Reference the local market. Solar adoption rates vary wildly by state and city. Mentioning specifics about the local solar market (ITC incentives, net metering policy, local utility programs) signals you understand their business.
Use LinkedIn for warm outreach. Many solar company owners are active in solar industry Facebook groups, LinkedIn, and regional business associations. A warm introduction from a mutual connection outperforms cold email by 10x.
Timing matters. Solar companies are busiest in spring and fall. Winter and early spring are better for outreach when they're planning for the busy season.

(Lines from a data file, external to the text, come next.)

(* Let $T$ be a complete theory with monster model $\mathcal{U}$, $\mu\in\mathfrak{M}_x(\mathcal{U})$, $\nu\in\mathfrak{M}_y(\mathcal{U})$, and $f:\mathcal{U}^y\to\mathcal{U}^z$ a definable map (with parameters). If $\mu\geq_{\mathbb{E}}\nu$, then $\mu\geq_{\mathbb{E}}f(\nu)$.
   Context: For $C\subseteq\mathcal{U}$, $\mathcal{L}_x(C)$ is the Boolean algebra of formulas in $x$ with parameters from $C$ modulo $T$, embedded in $\mathcal{L}_{xy}(C)$ via $\varphi(x)\mapsto\varphi(x)\wedge y=y$; $\mathfrak{M}_x(C)$ is the set of finitely additive probability measures on $\mathcal{L}_x(C)$. For $\omega\in\mathfrak{M}_{xy}(C)$, $\pi_x(\omega)(\varphi(x))=\omega(\varphi(x)\wedge y=y)$ (similarly $\pi_y$); $\omega|_D$ is restriction. The push-forward is $f(\nu)(\psi(z))=\nu(\psi(f(y)))$. For small $A$, $\mu\geq_{\mathbb{E},A}\nu$ means there is $\lambda\in\mathfrak{M}_{xy}(A)$ with $\pi_x(\lambda)=\mu|_A$ such that every $\omega\in\mathfrak{M}_{xy}(\mathcal{U})$ with $\omega|_A=\lambda$ and $\pi_x(\omega)=\mu$ satisfies $\pi_y(\omega)=\nu$; $\mu\geq_{\mathbb{E}}\nu$ means this holds for some small $A$ (defined analogously for other variable tuples). *)

theory Defs
  imports Main "HOL.Real"
begin

text \<open>Terms and formulas of a first-order language with function symbols 'f and
relation symbols 'r (each symbol may be applied to argument lists of any length).
Variables are natural numbers.\<close>

datatype 'f trm = Var nat | Fn 'f "'f trm list"

datatype ('f, 'r) form = Bot | Equ "'f trm" "'f trm" | Rl 'r "'f trm list"
  | Neg "('f, 'r) form" | Conj "('f, 'r) form" "('f, 'r) form" | Exi nat "('f, 'r) form"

Step-by-Step List Building Process
Manual Approach (Free, 2-3 Hours per State)
- Visit your state's contractor license database
- Search for active electrical or solar contractor licenses
- Export or manually record company names, addresses, qualifier names
- Search Google Maps for each company to verify phone/email
- Check NABCEP directory to identify certified companies
- Build spreadsheet and prioritize by review count and years licensed
Automated Approach (Minutes with Origami)
- Log into Origami and create new workspace
- Query: "Solar installation company owners in [state/city] with 4+ star Google ratings"
- Review results -- owner names, contacts, license info, signals already assembled
- Filter and qualify using Origami's sorting tools
- Export to CSV or push directly to your CRM
The Bottom Line
Solar company owners represent a large and fast-growing prospect pool that traditional databases completely overlook. The combination of state contractor licenses, Google Maps, and NABCEP gets you to a real list -- but the manual process across 50 states is prohibitive at scale.
For sales teams that regularly target solar installers, AI-powered tools that search contractor databases in real time return dramatically better results than anything Apollo or ZoomInfo can offer.